Reproduce exactly, and only, the lines below from the one containing "d_0 d_1 ... = x" through the one containing "f(3) reach_append by metis".

*** INFORMATION SUPPLIED Section Begins ***

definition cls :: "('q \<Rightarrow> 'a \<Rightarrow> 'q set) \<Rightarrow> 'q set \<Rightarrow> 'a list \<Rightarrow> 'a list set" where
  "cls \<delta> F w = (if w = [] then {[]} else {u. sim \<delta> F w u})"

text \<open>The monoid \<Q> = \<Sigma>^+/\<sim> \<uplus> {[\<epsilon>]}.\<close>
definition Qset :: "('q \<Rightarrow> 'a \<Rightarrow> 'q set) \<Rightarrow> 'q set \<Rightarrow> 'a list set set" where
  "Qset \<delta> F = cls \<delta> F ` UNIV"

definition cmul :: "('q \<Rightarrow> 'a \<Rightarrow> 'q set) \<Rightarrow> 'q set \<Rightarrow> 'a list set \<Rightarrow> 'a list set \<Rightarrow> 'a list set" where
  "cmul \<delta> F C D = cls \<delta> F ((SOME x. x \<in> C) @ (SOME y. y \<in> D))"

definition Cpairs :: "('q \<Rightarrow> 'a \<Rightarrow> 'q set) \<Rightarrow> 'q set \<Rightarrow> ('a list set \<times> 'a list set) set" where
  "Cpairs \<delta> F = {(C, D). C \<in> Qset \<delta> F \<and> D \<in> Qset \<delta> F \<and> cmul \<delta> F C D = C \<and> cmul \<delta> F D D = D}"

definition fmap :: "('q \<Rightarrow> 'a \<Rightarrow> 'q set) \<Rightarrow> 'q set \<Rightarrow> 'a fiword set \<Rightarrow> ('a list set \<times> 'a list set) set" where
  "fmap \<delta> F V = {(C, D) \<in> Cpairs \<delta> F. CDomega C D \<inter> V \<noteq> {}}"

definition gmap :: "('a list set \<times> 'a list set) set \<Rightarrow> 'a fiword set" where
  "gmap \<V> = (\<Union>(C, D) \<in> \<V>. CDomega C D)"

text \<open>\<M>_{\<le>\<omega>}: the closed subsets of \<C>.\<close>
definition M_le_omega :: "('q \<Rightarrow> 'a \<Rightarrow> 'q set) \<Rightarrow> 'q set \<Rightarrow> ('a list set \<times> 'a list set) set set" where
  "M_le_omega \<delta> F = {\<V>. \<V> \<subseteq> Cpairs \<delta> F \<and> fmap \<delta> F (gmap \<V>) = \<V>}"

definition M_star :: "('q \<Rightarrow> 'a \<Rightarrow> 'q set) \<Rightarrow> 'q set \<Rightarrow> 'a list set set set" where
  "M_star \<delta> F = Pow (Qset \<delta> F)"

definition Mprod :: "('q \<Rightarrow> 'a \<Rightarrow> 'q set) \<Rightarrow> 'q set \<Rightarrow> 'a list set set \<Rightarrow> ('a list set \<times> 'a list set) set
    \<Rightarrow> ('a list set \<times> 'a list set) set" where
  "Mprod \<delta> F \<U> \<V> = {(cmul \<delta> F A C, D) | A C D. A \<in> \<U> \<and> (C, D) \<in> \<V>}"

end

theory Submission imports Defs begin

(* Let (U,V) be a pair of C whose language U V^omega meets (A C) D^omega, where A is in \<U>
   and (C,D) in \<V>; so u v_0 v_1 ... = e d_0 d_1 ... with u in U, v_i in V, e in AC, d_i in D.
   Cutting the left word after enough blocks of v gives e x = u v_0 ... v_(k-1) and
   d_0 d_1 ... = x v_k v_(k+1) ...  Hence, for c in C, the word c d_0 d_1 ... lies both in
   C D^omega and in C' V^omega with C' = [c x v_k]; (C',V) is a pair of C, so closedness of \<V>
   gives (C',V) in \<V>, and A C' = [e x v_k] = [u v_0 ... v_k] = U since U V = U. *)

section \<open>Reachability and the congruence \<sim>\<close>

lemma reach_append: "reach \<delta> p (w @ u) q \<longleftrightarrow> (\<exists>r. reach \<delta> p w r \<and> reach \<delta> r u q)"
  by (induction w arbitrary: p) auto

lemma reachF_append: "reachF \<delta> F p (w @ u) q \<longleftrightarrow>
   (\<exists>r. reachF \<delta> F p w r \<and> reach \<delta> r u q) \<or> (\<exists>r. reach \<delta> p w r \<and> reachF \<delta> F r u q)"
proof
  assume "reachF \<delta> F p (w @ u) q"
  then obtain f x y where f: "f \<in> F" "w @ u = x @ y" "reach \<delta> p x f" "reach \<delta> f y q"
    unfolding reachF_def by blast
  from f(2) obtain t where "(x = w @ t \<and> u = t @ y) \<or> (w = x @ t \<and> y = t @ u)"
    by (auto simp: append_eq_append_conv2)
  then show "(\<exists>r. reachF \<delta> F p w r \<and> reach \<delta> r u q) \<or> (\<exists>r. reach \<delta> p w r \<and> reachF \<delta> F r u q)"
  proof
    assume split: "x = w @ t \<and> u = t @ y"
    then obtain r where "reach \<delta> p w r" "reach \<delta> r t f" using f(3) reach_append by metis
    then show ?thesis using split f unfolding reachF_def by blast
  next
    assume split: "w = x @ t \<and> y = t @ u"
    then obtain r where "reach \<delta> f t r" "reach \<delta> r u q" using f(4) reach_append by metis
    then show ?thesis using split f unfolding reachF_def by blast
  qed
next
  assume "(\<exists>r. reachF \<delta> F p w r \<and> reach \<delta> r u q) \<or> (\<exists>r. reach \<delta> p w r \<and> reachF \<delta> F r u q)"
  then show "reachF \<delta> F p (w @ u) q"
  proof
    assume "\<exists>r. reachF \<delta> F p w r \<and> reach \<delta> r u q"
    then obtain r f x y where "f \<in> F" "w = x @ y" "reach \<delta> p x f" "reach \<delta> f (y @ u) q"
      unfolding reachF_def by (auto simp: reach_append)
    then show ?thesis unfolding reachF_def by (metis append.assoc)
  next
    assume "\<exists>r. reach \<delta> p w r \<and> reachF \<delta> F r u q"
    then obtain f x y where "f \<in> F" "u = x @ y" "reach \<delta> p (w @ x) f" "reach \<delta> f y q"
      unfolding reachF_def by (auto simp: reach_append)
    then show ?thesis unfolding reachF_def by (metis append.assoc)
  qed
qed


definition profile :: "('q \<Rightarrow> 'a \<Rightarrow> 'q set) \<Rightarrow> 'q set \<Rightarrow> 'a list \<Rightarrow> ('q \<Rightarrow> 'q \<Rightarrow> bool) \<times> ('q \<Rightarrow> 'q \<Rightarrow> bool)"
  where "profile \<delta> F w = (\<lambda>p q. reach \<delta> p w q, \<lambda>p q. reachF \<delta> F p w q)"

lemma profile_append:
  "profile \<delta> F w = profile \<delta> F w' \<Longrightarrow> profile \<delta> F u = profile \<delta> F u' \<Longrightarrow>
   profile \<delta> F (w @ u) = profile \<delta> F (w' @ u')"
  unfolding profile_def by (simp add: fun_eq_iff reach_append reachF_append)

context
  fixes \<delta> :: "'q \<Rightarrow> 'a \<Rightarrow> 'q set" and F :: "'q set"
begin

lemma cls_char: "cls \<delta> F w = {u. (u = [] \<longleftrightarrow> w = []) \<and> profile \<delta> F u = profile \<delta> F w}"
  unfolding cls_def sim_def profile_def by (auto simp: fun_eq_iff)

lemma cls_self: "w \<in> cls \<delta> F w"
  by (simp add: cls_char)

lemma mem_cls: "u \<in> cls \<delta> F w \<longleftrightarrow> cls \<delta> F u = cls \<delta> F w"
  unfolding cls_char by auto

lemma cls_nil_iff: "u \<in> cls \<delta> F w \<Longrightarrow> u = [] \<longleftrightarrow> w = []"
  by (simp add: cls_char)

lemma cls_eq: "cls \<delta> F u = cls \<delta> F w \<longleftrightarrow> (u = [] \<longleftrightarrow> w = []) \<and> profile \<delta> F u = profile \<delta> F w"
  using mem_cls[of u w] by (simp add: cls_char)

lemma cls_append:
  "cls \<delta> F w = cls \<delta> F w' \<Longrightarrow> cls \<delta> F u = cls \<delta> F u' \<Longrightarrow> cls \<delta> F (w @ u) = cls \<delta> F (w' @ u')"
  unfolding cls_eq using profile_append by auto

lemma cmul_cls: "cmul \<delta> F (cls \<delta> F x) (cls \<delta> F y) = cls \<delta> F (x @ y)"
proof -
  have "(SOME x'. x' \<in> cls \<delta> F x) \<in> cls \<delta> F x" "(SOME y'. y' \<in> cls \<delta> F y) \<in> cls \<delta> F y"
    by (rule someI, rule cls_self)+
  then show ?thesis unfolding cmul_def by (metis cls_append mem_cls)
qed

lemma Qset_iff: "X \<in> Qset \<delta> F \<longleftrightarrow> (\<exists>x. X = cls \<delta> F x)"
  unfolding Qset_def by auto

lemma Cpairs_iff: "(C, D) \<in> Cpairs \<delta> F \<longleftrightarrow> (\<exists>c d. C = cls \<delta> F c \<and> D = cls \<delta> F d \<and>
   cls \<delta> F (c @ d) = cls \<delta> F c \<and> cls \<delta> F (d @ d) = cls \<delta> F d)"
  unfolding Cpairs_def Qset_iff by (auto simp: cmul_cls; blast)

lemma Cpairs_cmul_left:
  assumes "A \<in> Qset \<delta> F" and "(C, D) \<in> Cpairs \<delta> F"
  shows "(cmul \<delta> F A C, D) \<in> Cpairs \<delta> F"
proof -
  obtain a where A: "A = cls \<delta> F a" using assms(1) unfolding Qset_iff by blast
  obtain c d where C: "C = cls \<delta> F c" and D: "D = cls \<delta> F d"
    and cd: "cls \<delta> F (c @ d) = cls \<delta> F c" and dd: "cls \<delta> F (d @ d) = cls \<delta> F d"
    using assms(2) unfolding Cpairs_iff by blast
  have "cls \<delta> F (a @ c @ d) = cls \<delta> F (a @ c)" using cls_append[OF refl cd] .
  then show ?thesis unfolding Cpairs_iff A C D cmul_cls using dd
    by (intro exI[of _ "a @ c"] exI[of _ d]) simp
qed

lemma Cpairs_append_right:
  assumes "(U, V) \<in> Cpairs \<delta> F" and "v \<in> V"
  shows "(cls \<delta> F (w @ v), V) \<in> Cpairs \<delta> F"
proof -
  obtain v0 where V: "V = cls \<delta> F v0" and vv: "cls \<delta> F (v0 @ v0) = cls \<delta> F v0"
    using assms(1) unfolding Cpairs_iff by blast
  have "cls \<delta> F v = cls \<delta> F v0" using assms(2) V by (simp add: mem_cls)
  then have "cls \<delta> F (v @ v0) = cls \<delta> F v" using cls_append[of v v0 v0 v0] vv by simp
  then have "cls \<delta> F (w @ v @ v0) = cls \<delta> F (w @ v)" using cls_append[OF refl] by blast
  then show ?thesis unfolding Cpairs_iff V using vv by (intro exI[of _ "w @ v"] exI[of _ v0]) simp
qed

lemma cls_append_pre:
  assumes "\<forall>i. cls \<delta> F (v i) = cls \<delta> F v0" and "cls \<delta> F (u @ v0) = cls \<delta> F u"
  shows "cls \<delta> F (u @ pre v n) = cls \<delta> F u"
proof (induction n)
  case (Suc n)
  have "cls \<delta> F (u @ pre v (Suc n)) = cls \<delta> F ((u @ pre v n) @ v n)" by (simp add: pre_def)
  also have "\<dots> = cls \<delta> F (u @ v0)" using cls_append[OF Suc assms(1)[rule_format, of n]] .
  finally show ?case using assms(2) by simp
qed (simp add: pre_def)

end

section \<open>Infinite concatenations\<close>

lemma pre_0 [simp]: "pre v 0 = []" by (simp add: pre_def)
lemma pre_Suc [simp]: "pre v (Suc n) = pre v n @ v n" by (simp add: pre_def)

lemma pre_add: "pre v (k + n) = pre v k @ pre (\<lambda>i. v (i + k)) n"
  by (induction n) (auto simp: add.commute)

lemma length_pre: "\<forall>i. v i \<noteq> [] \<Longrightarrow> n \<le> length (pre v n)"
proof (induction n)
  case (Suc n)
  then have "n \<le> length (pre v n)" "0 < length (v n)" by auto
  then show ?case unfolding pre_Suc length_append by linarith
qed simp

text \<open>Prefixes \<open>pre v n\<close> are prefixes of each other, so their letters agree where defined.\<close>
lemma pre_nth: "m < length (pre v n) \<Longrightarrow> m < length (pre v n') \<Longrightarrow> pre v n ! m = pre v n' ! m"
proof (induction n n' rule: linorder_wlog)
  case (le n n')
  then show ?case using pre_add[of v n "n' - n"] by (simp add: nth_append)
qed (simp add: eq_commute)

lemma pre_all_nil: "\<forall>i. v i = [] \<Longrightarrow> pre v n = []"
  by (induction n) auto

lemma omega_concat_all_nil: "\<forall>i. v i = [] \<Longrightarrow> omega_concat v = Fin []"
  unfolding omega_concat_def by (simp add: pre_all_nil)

*** INFORMATION SUPPLIED Section Ends ***

TASK RESULT:
   d_0 d_1 ... = x v_k v_(k+1) ...  Hence, for c in C, the word c d_0 d_1 ... lies both in
   C D^omega and in C' V^omega with C' = [c x v_k]; (C',V) is a pair of C, so closedness of \<V>
   gives (C',V) in \<V>, and A C' = [e x v_k] = [u v_0 ... v_k] = U since U V = U. *)

section \<open>Reachability and the congruence \<sim>\<close>

lemma reach_append: "reach \<delta> p (w @ u) q \<longleftrightarrow> (\<exists>r. reach \<delta> p w r \<and> reach \<delta> r u q)"
  by (induction w arbitrary: p) auto

lemma reachF_append: "reachF \<delta> F p (w @ u) q \<longleftrightarrow>
   (\<exists>r. reachF \<delta> F p w r \<and> reach \<delta> r u q) \<or> (\<exists>r. reach \<delta> p w r \<and> reachF \<delta> F r u q)"
proof
  assume "reachF \<delta> F p (w @ u) q"
  then obtain f x y where f: "f \<in> F" "w @ u = x @ y" "reach \<delta> p x f" "reach \<delta> f y q"
    unfolding reachF_def by blast
  from f(2) obtain t where "(x = w @ t \<and> u = t @ y) \<or> (w = x @ t \<and> y = t @ u)"
    by (auto simp: append_eq_append_conv2)
  then show "(\<exists>r. reachF \<delta> F p w r \<and> reach \<delta> r u q) \<or> (\<exists>r. reach \<delta> p w r \<and> reachF \<delta> F r u q)"
  proof
    assume split: "x = w @ t \<and> u = t @ y"
    then obtain r where "reach \<delta> p w r" "reach \<delta> r t f" using f(3) reach_append by metis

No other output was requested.